* **Aim of the exercise**
Within the records below is a range that opens at the line with "N) * (fls_of_poly" and closes at the line with "(int N) * q) *". Return that range word for word, both ends included, and only that range.

* **Input material**

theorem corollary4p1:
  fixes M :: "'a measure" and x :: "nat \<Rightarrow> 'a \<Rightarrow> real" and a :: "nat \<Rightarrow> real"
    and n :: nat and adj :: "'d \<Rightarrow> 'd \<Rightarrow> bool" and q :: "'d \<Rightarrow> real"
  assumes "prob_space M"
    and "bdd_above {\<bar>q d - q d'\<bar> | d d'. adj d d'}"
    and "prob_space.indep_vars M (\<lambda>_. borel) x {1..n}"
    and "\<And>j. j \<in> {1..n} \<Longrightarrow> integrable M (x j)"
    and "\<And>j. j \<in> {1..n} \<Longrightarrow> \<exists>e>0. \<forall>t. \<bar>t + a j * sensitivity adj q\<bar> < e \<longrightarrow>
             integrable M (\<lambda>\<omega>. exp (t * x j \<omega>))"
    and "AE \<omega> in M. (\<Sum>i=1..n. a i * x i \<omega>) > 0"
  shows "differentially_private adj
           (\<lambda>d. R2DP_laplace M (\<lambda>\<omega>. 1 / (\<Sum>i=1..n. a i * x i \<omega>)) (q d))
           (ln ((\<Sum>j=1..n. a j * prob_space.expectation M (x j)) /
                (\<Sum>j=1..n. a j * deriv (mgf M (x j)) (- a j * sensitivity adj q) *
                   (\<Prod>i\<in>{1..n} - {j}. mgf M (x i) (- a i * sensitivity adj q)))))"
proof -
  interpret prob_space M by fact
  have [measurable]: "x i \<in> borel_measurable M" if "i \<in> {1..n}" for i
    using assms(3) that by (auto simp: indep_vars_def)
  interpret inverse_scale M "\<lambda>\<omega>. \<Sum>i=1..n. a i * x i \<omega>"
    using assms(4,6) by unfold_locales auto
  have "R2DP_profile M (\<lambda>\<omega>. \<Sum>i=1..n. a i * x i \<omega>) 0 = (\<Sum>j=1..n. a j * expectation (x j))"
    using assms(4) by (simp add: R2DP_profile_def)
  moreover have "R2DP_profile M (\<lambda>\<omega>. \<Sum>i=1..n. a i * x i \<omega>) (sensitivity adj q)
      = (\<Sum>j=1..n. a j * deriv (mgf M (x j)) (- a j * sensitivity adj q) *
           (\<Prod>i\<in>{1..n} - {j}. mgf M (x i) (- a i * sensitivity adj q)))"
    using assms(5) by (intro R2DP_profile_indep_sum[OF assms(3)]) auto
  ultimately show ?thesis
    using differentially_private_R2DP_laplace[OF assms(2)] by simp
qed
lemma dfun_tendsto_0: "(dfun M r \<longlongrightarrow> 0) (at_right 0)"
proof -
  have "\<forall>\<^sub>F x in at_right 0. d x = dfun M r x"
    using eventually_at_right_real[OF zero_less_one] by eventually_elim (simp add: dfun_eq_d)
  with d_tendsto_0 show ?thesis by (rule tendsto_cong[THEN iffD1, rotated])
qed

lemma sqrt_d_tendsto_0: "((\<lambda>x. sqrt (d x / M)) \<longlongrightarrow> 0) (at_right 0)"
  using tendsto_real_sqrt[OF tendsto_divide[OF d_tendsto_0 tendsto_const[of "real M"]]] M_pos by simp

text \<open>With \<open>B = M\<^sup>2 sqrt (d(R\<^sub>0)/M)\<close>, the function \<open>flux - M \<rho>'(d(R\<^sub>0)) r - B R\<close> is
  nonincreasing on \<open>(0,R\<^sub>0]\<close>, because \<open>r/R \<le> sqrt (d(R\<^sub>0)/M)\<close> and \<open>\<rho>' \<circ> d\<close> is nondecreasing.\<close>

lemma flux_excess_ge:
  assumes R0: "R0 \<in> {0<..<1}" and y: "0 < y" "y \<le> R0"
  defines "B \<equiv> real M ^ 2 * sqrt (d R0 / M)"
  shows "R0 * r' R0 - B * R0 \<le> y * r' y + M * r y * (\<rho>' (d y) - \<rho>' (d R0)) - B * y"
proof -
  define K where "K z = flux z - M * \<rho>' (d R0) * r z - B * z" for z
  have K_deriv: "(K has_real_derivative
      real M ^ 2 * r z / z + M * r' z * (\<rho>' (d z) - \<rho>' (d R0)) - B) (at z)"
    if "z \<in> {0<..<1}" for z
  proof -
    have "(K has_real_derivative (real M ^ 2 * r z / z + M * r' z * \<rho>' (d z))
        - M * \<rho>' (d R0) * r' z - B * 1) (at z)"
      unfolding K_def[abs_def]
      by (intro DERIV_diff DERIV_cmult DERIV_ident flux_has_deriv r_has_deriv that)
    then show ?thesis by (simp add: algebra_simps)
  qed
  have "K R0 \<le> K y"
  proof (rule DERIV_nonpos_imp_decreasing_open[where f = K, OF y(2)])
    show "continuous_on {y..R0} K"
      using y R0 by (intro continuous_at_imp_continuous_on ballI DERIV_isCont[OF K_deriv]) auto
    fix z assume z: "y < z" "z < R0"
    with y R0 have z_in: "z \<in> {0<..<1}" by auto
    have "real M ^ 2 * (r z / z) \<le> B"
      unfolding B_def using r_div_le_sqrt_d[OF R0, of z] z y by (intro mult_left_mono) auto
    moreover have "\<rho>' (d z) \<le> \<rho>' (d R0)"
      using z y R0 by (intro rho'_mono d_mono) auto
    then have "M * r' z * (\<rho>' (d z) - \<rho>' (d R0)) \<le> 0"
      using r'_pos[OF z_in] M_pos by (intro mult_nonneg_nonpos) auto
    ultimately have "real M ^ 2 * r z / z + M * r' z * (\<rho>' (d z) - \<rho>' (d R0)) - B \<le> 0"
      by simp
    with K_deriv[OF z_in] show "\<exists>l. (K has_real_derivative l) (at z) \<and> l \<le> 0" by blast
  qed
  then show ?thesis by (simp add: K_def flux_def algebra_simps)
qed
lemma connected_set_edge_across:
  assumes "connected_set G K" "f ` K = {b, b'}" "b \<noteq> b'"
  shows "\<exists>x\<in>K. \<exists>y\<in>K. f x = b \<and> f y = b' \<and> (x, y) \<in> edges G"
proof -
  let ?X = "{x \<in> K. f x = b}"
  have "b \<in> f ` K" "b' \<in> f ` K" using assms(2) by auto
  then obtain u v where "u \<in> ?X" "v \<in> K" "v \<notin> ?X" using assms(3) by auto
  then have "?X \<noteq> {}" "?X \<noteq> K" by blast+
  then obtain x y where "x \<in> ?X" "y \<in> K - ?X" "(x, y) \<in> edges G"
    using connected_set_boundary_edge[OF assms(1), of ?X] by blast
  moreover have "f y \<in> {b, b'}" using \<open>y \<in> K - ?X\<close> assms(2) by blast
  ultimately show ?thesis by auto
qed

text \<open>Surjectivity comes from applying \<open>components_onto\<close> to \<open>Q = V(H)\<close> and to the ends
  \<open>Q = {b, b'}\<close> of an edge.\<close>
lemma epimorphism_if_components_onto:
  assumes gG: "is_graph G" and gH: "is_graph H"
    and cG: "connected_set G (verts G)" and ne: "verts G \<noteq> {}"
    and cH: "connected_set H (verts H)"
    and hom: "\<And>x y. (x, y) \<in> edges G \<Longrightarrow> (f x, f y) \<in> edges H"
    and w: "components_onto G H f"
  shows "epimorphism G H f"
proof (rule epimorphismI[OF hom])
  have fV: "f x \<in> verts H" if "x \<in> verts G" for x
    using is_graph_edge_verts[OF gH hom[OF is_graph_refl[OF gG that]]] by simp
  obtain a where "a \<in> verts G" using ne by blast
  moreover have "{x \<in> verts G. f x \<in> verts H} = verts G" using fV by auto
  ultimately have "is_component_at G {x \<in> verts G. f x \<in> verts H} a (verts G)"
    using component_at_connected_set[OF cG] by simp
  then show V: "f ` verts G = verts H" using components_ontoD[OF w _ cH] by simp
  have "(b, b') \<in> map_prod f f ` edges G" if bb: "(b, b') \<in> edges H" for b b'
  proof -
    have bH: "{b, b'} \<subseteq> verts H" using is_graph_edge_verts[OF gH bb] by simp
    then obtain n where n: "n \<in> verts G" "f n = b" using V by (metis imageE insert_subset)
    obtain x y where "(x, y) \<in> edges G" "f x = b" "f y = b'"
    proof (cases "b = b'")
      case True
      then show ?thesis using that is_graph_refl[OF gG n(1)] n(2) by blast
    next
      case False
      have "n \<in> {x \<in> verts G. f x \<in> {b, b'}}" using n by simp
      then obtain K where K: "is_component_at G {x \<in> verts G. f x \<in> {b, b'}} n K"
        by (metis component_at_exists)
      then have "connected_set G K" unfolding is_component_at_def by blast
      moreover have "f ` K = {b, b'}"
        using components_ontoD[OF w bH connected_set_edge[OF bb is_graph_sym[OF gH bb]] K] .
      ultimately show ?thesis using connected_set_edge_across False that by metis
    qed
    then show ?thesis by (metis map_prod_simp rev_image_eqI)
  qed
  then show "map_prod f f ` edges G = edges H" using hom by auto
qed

==

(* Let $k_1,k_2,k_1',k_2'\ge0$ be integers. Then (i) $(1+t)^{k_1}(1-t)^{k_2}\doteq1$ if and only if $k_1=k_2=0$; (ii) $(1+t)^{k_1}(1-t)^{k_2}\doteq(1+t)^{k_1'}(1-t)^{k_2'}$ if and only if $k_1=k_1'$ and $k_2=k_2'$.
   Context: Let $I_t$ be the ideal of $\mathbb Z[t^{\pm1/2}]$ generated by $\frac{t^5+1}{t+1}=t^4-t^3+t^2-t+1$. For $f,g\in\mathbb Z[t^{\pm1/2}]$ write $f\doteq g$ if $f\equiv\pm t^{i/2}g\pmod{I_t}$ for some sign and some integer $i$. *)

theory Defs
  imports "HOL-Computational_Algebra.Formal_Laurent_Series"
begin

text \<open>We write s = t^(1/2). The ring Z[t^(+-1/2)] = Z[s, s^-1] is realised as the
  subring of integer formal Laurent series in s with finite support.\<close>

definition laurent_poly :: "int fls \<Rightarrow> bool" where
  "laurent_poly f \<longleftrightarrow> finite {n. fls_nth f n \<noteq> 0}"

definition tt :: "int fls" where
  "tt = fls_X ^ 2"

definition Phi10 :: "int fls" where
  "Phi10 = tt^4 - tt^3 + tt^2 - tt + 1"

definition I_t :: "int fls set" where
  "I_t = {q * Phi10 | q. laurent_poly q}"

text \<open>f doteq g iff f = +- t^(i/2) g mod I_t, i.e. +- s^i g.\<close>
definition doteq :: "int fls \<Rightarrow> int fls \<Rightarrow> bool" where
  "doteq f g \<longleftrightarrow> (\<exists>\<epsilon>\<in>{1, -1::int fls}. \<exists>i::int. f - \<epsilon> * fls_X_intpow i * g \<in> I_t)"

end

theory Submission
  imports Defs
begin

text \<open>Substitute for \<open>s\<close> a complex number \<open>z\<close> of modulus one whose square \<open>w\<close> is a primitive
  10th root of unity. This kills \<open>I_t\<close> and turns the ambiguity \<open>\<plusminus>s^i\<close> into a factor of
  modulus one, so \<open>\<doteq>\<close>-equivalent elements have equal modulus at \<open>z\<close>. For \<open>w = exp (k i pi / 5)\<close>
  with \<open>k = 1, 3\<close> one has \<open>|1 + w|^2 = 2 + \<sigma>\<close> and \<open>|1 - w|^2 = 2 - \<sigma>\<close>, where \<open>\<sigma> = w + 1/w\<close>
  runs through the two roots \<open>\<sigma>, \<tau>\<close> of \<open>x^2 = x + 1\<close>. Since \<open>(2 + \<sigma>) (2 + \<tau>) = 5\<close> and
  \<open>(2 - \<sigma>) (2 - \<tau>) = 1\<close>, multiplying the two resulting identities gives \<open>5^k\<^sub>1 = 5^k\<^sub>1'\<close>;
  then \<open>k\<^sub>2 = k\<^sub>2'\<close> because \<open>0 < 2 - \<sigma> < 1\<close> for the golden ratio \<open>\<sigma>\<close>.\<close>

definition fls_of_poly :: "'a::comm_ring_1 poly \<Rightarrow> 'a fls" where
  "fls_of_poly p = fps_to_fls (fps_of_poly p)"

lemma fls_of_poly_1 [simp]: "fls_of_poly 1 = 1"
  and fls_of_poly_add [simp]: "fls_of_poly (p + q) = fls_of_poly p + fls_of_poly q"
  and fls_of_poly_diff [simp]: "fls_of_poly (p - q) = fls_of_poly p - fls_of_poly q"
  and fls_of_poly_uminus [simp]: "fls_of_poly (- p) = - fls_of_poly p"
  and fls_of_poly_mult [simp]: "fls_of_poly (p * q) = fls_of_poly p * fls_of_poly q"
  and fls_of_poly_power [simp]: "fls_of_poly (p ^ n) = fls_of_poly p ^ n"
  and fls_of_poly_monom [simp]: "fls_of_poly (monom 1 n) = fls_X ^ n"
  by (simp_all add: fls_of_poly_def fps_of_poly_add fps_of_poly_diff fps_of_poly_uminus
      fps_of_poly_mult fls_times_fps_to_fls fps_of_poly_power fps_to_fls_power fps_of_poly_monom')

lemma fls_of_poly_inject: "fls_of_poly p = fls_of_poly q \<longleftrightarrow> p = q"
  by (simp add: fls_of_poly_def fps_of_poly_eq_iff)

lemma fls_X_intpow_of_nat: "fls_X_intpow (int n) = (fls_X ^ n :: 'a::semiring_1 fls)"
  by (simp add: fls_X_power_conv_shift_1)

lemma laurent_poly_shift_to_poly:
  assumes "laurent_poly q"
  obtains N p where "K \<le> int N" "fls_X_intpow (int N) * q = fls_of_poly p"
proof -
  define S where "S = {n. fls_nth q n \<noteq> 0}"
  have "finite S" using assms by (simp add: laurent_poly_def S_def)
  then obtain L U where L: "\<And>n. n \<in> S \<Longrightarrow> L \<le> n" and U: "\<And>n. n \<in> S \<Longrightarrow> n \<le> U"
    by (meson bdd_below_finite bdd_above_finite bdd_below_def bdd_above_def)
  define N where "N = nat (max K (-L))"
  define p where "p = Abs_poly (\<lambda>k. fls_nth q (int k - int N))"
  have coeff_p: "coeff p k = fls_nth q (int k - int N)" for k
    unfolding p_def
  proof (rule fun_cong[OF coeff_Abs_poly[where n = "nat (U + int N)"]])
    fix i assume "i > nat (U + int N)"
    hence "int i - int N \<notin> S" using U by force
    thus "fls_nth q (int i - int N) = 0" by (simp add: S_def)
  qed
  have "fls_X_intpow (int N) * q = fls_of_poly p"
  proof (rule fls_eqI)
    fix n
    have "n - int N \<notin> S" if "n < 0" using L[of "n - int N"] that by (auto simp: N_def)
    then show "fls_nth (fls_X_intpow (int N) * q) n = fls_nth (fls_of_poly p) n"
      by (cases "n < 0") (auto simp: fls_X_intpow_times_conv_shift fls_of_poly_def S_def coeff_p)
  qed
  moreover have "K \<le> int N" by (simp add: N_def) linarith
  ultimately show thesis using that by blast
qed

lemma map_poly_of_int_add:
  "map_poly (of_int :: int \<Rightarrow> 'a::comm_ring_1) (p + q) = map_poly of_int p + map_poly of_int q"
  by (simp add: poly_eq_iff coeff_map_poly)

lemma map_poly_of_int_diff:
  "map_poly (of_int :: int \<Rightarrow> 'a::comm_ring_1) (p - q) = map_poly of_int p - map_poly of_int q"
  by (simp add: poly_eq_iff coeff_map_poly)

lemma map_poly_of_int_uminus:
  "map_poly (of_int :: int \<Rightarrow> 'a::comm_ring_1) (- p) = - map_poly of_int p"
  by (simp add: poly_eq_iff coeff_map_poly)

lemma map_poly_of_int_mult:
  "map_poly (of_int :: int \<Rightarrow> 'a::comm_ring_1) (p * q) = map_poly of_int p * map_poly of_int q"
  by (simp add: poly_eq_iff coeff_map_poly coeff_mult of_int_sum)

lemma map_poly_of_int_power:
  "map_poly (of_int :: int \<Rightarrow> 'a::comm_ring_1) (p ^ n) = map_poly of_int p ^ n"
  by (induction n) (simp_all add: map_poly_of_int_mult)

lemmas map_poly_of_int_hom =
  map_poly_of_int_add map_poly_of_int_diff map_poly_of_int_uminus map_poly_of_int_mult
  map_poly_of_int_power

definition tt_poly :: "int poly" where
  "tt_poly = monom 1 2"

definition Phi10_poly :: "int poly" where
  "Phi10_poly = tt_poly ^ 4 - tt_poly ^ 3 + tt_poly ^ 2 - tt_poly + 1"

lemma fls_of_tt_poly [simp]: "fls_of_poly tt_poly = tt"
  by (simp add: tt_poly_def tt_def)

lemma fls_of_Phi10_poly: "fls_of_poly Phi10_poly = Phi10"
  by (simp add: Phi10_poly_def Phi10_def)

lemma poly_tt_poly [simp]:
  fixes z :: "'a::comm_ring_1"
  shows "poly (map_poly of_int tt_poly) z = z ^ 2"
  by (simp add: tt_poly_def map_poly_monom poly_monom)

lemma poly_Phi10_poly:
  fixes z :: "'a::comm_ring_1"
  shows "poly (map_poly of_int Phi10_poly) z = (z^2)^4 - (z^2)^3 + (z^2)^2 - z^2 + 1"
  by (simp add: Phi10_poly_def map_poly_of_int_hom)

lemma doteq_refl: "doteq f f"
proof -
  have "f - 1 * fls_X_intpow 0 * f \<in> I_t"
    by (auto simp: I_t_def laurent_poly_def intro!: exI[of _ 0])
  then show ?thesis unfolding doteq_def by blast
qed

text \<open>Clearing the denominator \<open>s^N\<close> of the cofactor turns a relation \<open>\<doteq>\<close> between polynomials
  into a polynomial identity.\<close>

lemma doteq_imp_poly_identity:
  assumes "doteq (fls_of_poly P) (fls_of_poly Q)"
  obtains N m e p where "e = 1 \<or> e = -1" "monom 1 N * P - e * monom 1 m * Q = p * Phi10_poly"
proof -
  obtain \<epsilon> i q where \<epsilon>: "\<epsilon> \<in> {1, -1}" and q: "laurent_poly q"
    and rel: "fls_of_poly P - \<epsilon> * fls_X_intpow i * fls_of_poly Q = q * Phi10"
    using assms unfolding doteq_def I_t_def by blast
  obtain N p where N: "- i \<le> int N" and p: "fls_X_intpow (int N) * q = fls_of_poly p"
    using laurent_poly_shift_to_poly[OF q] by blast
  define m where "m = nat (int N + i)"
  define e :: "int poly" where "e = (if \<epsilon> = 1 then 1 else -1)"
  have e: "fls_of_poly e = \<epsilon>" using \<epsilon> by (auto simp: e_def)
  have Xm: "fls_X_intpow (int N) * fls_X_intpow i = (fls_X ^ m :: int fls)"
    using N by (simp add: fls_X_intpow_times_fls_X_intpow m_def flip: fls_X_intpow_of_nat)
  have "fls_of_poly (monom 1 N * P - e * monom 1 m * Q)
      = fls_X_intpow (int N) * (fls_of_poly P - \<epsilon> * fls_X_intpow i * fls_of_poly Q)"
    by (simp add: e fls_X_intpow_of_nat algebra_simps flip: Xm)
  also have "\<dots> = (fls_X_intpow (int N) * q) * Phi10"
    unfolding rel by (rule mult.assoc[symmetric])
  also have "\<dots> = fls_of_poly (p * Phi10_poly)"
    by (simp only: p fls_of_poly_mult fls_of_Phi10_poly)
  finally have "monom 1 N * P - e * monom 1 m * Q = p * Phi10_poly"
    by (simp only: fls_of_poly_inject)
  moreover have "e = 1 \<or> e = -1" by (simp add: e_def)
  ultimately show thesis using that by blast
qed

* **Exercise solution**
      = fls_X_intpow (int N) * (fls_of_poly P - \<epsilon> * fls_X_intpow i * fls_of_poly Q)"
    by (simp add: e fls_X_intpow_of_nat algebra_simps flip: Xm)
  also have "\<dots> = (fls_X_intpow (int N) * q) * Phi10"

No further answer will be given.